Desperately Seeking Evangelicals

It seems that everyday there is a new story in the news about how evangelical Christians are "up for grabs" in this year's election. On Sunday there was this article on CNN.com about Shane Claiborne's "Jesus For President" tour, in which the dreadlocked neo-monk said, "With the respectability and the power of the church comes the temptation to prostitute our identity for every political agenda." Well said.

Could Paul Be President?

I’m not sure why the Apostle Paul would ever want to be the president of the United States, but let’s say he wanted to. Would he have a chance of being elected if he ran in 2008? In a word: NO.

Why not, you might ask? He’s a brilliant writer, thinker, and all-around passionate person, not to mention a SAINT! He wrote the texts that became the theological foundation of the Christian faith, after all. That has to count for something, right? Unfortunately Paul has a huge skeleton in his closet: a history of mercilessly persecuting and killing Christians. His past is very, very sketchy, and if you are a politician running for President of the United States these days, your past better be absolutely spotless.

It doesn’t matter how brilliant or well-spoken Paul might be. The minute word got out (and circulated via cable news) about Paul’s wild pre-conversion days as the Christian-hating Saul, he’d be toast. The James Dobsons and Pat Robertsons across America would denounce Paul as an unpatriotic anathema—someone who, with such a horrible record of unchristian behavior, could not be trusted to run the country. Let’s face it: if Paul ran for President of the United States, he might as well pick Osama bin Laden as his running mate. He’d have about as much of a chance as Ron Paul to win the presidency.

It’s a strange time when, in America—a country which has always prided itself on fresh starts and second chances—a presidential hopeful is absolutely bound to their past sins, scandals, and gaffs. The 2008 election has proven that one’s past is, perhaps, the most important determinant of one’s electability. Each of men running for president has their own personal albatross: that is, their own past baggage that could prove disastrous for their White House chances.

For Obama, the biggie is Reverend Wright—the outspoken Chicago pastor who has a penchant for colorful, impassioned critiques of America. When the Wright soundbites hit the cable news circuits a few months ago, Obama was suddenly questioned: is he unpatriotic by association? Does Obama share his pastor’s extreme and polarizing views of race, 9/11, and the American government? Even as Obama denounced Wright’s remarks and severed ties with the controversial pastor, the media seems determined to brand the Wright scandal as Obama’s potential Achilles’ heel.

John McCain’s major albatross, of course, is his association with President Bush. Now the extent of his actual association with Bush is relatively negligible in the grand scheme of Republican politics, and indeed, Bush and McCain have been bitter rivals more often than they’ve been buddy-buddy. They differ quite a bit on policies too, but the mere fact that McCain is a Republican, supports continued troop presence in Iraq, and doesn’t publicly denounce President Bush makes him “Bush II” in the many voters’ eyes. He can distance himself all he wants from the current administration, but the past eight years of Republican-led government will nevertheless haunt McCain as he tries to build a case for himself as a “different type” of Republican.

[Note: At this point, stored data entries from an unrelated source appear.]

text \<open>Choosing the last vector parallel to the contraction makes the form equal to its norm.\<close>

lemma sqnorm_contract_le_spec_norm:
  assumes y: "\<And>j. j < m \<Longrightarrow> sqnorm n (y j) = 1"
  shows "sqnorm n (contract n m A y) \<le> (spec_norm n (Suc m) A)\<^sup>2"
proof (cases "sqnorm n (contract n m A y) = 0")
  case False
  define g where "g = contract n m A y"
  define r where "r = sqnorm n g"
  have r: "0 < r" using False sqnorm_nonneg[of n g] by (simp add: r_def g_def)
  define x where "x = y(m := (\<lambda>k. g k / sqrt r))"
  have "sqnorm n (\<lambda>k. g k / sqrt r) = 1"
    using r by (simp add: sqnorm_def power_divide sum_divide_distrib[symmetric] r_def)
  then have x: "x \<in> unit_tuples n (Suc m)"
    using y by (auto simp: unit_tuples_def x_def less_Suc_eq)
  have "contract n m A x = g"
    unfolding g_def by (rule contract_cong) (simp add: x_def)
  then have "tensor_form n (Suc m) A x = r / sqrt r"
    by (simp add: tensor_form_Suc x_def sum_divide_distrib[symmetric] r_def sqnorm_def
        power2_eq_square)
  then have "sqrt r \<le> spec_norm n (Suc m) A"
    using tensor_form_le_spec_norm[OF x, of A] r by (simp add: real_div_sqrt)
  then have "(sqrt r)\<^sup>2 \<le> (spec_norm n (Suc m) A)\<^sup>2"
    by (rule power_mono) (use r in simp)
  then show ?thesis using r by (simp add: r_def g_def)
qed simp

lemma contract_unit_vecs:
  assumes ps: "ps \<in> tidx n m"
  shows "contract n m A (\<lambda>j. unit_vec (ps ! j)) = fiber A ps"
proof
  fix k
  have "(\<Prod>j<m. unit_vec (ps ! j) (qs ! j)) = (if qs = ps then 1 else 0)"
    if qs: "qs \<in> tidx n m" for qs
  proof (cases "qs = ps")
    case False
    moreover have "length qs = length ps"
      using ps qs by (simp add: length_tidx)
    ultimately obtain j where "j < m" "qs ! j \<noteq> ps ! j"
      using nth_equalityI length_tidx[OF ps] by metis
    with False show ?thesis
      by (simp add: prod_zero unit_vec_def) (metis lessThan_iff)
  qed (simp add: unit_vec_def)
  then show "contract n m A (\<lambda>j. unit_vec (ps ! j)) k = fiber A ps k"
    using ps by (simp add: contract_def fiber_def if_distrib[of "\<lambda>c. c * _"] finite_tidx
        cong: sum.cong if_cong)
qed

lemma sqnorm_fiber_le_spec_norm:
  assumes "ps \<in> tidx n m"
  shows "sqnorm n (fiber A ps) \<le> (spec_norm n (Suc m) A)\<^sup>2"
proof -
  have "sqnorm n (contract n m A (\<lambda>j. unit_vec (ps ! j))) \<le> (spec_norm n (Suc m) A)\<^sup>2"
    by (rule sqnorm_contract_le_spec_norm) (simp add: nth_tidx_less[OF assms] sqnorm_unit_vec)
  then show ?thesis
    by (simp add: assms contract_unit_vecs)
qed

lemma frob_norm_sq: "(frob_norm n (Suc m) A)\<^sup>2 = (\<Sum>ps\<in>tidx n m. sqnorm n (fiber A ps))"
  unfolding frob_norm_def by (simp add: sum_nonneg sum_tidx_Suc_snoc sqnorm_def fiber_def)

lemma frob_norm_sq_le: "(frob_norm n (Suc m) A)\<^sup>2 \<le> real n ^ m * (spec_norm n (Suc m) A)\<^sup>2"
proof -
  have "(frob_norm n (Suc m) A)\<^sup>2 \<le> (\<Sum>ps\<in>tidx n m. (spec_norm n (Suc m) A)\<^sup>2)"
    unfolding frob_norm_sq by (intro sum_mono sqnorm_fiber_le_spec_norm)
  then show ?thesis
    by (simp add: card_tidx)
qed

lemma frob_norm_pos:
  assumes "A \<in> tensors n d" "A \<noteq> (\<lambda>_. 0)"
  shows "0 < frob_norm n d A"
proof -
  obtain ix where a: "A ix \<noteq> 0" using assms(2) by auto
  then have "ix \<in> tidx n d" using assms(1) by (auto simp: tensors_def)
  then have "(A ix)\<^sup>2 \<le> (\<Sum>is\<in>tidx n d. (A is)\<^sup>2)"
    by (intro member_le_sum) (auto simp: finite_tidx)
  moreover have "0 < (A ix)\<^sup>2"
    using a by simp
  ultimately have "0 < (\<Sum>is\<in>tidx n d. (A is)\<^sup>2)"
    by linarith
  then show ?thesis
    unfolding frob_norm_def by simp
qed

lemma spec_frob_ratio_ge:
  assumes n: "0 < n" and A: "A \<in> tensors n (Suc m)" "A \<noteq> (\<lambda>_. 0)"
  shows "1 / sqrt (real n ^ m) \<le> spec_norm n (Suc m) A / frob_norm n (Suc m) A"
proof -
  let ?s = "spec_norm n (Suc m) A" and ?F = "frob_norm n (Suc m) A"
  have F: "0 < ?F" by (rule frob_norm_pos[OF A])
  have "?F\<^sup>2 \<le> (sqrt (real n ^ m) * ?s)\<^sup>2"
    using frob_norm_sq_le[of n m A] by (simp add: power_mult_distrib)
  then have "?F \<le> sqrt (real n ^ m) * ?s"
    by (rule power2_le_imp_le) (simp add: spec_norm_nonneg[OF n])
  then show ?thesis
    using F n by (simp add: field_simps)
qed

lemma best_r1_ratio_ge:
  assumes "V - {\<lambda>_. 0} \<noteq> {}"
    and "\<And>A. A \<in> V \<Longrightarrow> A \<noteq> (\<lambda>_. 0) \<Longrightarrow> c \<le> spec_norm n d A / frob_norm n d A"
  shows "c \<le> best_r1_ratio n d V"
  unfolding best_r1_ratio_def by (rule cInf_greatest) (use assms in auto)

lemma best_r1_ratio_le:
  assumes "0 < n" "A \<in> V" "A \<noteq> (\<lambda>_. 0)"
  shows "best_r1_ratio n (Suc m) V \<le> spec_norm n (Suc m) A / frob_norm n (Suc m) A"
  unfolding best_r1_ratio_def
proof (rule cInf_lower)
  show "bdd_below ((\<lambda>A. spec_norm n (Suc m) A / frob_norm n (Suc m) A) ` (V - {\<lambda>_. 0}))"
    by (intro bdd_belowI[where m=0])
      (auto intro!: divide_nonneg_nonneg sum_nonneg spec_norm_nonneg[OF assms(1)] simp: frob_norm_def)
qed (use assms in auto)

section \<open>Tensors of composition algebras\<close>

definition bilinear_mult ::
  "nat \<Rightarrow> (nat \<Rightarrow> nat \<Rightarrow> nat \<Rightarrow> real) \<Rightarrow> (nat \<Rightarrow> real) \<Rightarrow> (nat \<Rightarrow> real) \<Rightarrow> nat \<Rightarrow> real" where
  "bilinear_mult n C x y = (\<lambda>k. \<Sum>i<n. \<Sum>j<n. x i * y j * C i j k)"

fun mult_list ::
  "((nat \<Rightarrow> real) \<Rightarrow> (nat \<Rightarrow> real) \<Rightarrow> nat \<Rightarrow> real) \<Rightarrow> (nat \<Rightarrow> real) list \<Rightarrow> nat \<Rightarrow> real" where
  "mult_list mul [] = (\<lambda>_. 0)"
| "mult_list mul [x] = x"
| "mult_list mul (x # y # xs) = mul x (mult_list mul (y # xs))"

definition product_tensor :: "nat \<Rightarrow> (nat \<Rightarrow> nat \<Rightarrow> nat \<Rightarrow> real) \<Rightarrow> nat \<Rightarrow> nat list \<Rightarrow> real" where
  "product_tensor n C d = (\<lambda>is. if is \<in> tidx n d
     then mult_list (bilinear_mult n C) (map unit_vec (butlast is)) (last is) else 0)"

lemma mult_list_Cons: "xs \<noteq> [] \<Longrightarrow> mult_list mul (x # xs) = mul x (mult_list mul xs)"
  by (cases xs) auto

lemma bilinear_mult_unit_vec:
  assumes "i < n"
  shows "bilinear_mult n C (unit_vec i) v k = (\<Sum>j<n. v j * C i j k)"
proof -
  have "bilinear_mult n C (unit_vec i) v k = (\<Sum>i'<n. if i' = i then \<Sum>j<n. v j * C i j k else 0)"
    unfolding bilinear_mult_def unit_vec_def by (intro sum.cong) auto
  then show ?thesis
    using assms by simp
qed

lemma product_tensor_in_tensors: "product_tensor n C d \<in> tensors n d"
  by (simp add: product_tensor_def tensors_def)

lemma fiber_product_tensor:
  "ps \<in> tidx n m \<Longrightarrow> k < n
   \<Longrightarrow> fiber (product_tensor n C (Suc m)) ps k = mult_list (bilinear_mult n C) (map unit_vec ps) k"
  by (simp add: product_tensor_def fiber_def snoc_in_tidx)

lemma mult_list_multilinear:
  "k < n \<Longrightarrow> (\<Sum>ps\<in>tidx n (Suc m). (\<Prod>j<Suc m. x j (ps ! j)) * mult_list (bilinear_mult n C) (map unit_vec ps) k)
     = mult_list (bilinear_mult n C) (map x [0..<Suc m]) k"
proof (induction m arbitrary: x k)
  case 0
  then show ?case
    by (simp add: sum_tidx_Suc_Cons tidx_0 unit_vec_def if_distrib[of "\<lambda>c. _ * c"]
        cong: sum.cong if_cong)
next
  case (Suc m)
  let ?x' = "\<lambda>j. x (Suc j)" and ?P = "mult_list (bilinear_mult n C)"
  have "(\<Sum>ps\<in>tidx n (Suc (Suc m)). (\<Prod>j<Suc (Suc m). x j (ps ! j)) * ?P (map unit_vec ps) k)
     = (\<Sum>i<n. \<Sum>ps\<in>tidx n (Suc m). x 0 i * (\<Prod>j<Suc m. ?x' j (ps ! j))
          * (\<Sum>j<n. ?P (map unit_vec ps) j * C i j k))"
    unfolding sum_tidx_Suc_Cons[of _ n "Suc m"]
  proof (intro sum.cong refl)
    fix i ps assume "i \<in> {..<n}" "ps \<in> tidx n (Suc m)"
    then have "i < n" "map unit_vec ps \<noteq> []"
      by (auto dest: length_tidx)
    then show "(\<Prod>j<Suc (Suc m). x j ((i # ps) ! j)) * ?P (map unit_vec (i # ps)) k
        = x 0 i * (\<Prod>j<Suc m. ?x' j (ps ! j)) * (\<Sum>j<n. ?P (map unit_vec ps) j * C i j k)"
      by (simp add: prod.lessThan_Suc_shift mult_list_Cons bilinear_mult_unit_vec
          del: prod.lessThan_Suc)
  qed
  also have "\<dots> = (\<Sum>i<n. x 0 i * (\<Sum>j<n. C i j k
      * (\<Sum>ps\<in>tidx n (Suc m). (\<Prod>j<Suc m. ?x' j (ps ! j)) * ?P (map unit_vec ps) j)))"
    by (simp add: sum_distrib_left sum_distrib_right algebra_simps sum.swap[of _ "tidx n (Suc m)"])
  also have "\<dots> = (\<Sum>i<n. x 0 i * (\<Sum>j<n. C i j k * ?P (map ?x' [0..<Suc m]) j))"
    using Suc.IH by (intro sum.cong refl arg_cong2[where f="(*)"]) auto
  also have "\<dots> = ?P (map x [0..<Suc (Suc m)]) k"
    by (simp add: map_upt_Suc[of x] mult_list_Cons bilinear_mult_def sum_distrib_left algebra_simps
        del: upt_Suc)
  finally show ?case .
qed

text \<open>Only multiplicativity of the norm is assumed; no unit element is needed.\<close>

locale composition_algebra =
  fixes n :: nat and C :: "nat \<Rightarrow> nat \<Rightarrow> nat \<Rightarrow> real"
  assumes dim_pos: "0 < n"
    and sqnorm_mult: "\<And>x y. sqnorm n (bilinear_mult n C x y) = sqnorm n x * sqnorm n y"
begin

lemma sqnorm_mult_list:
  "xs \<noteq> [] \<Longrightarrow> (\<And>v. v \<in> set xs \<Longrightarrow> sqnorm n v = 1) \<Longrightarrow> sqnorm n (mult_list (bilinear_mult n C) xs) = 1"
proof (induction xs)
  case (Cons x xs)
  then show ?case by (cases "xs = []") (auto simp: mult_list_Cons sqnorm_mult)
qed simp

lemma frob_norm_product_tensor:
  "frob_norm n (Suc (Suc m)) (product_tensor n C (Suc (Suc m))) = sqrt (real n ^ Suc m)"
proof -
  have "sqnorm n (fiber (product_tensor n C (Suc (Suc m))) ps) = 1" if ps: "ps \<in> tidx n (Suc m)" for ps
  proof -
    have "sqnorm n (fiber (product_tensor n C (Suc (Suc m))) ps)
        = sqnorm n (mult_list (bilinear_mult n C) (map unit_vec ps))"
      by (rule sqnorm_cong) (simp add: fiber_product_tensor ps)
    also have "\<dots> = 1"
      using ps by (intro sqnorm_mult_list) (auto simp: tidx_def sqnorm_unit_vec)
    finally show ?thesis .
  qed
  then have "(frob_norm n (Suc (Suc m)) (product_tensor n C (Suc (Suc m))))\<^sup>2 = real n ^ Suc m"
    by (simp add: frob_norm_sq card_tidx)
  then show ?thesis
    by (metis frob_norm_def real_sqrt_ge_zero real_sqrt_unique sum_nonneg zero_le_power2)
qed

In each case, the most damaging thing for the candidate is in the past—and it’s not even something they themselves did or said! It’s some one they were associated with: Obama with Rev. Wright, McCain with Bush… Are we really ready to disqualify someone on the basis of who they know? Should politics really be about how cleanly one has kept his or her company, admitting only the most inoffensive, neutral, uncontroversial people into the inner circle? I’m not so sure this is at all what we want in a leader.

Think about Jesus: he kept company with some pretty scandalous and generally unseemly people. He openly criticized the government of the day, in much stronger language than anything Rev. Wright is saying of America today. Heck, if Paul would be a controversial presidential candidate, imagine Jesus! He wouldn’t have the murderous record of persecuting Christians to defend, but he would have to answer for those pesky claims of divinity (talk about elitism!) and his tendency to favor blunt language over politically-correct platitudes.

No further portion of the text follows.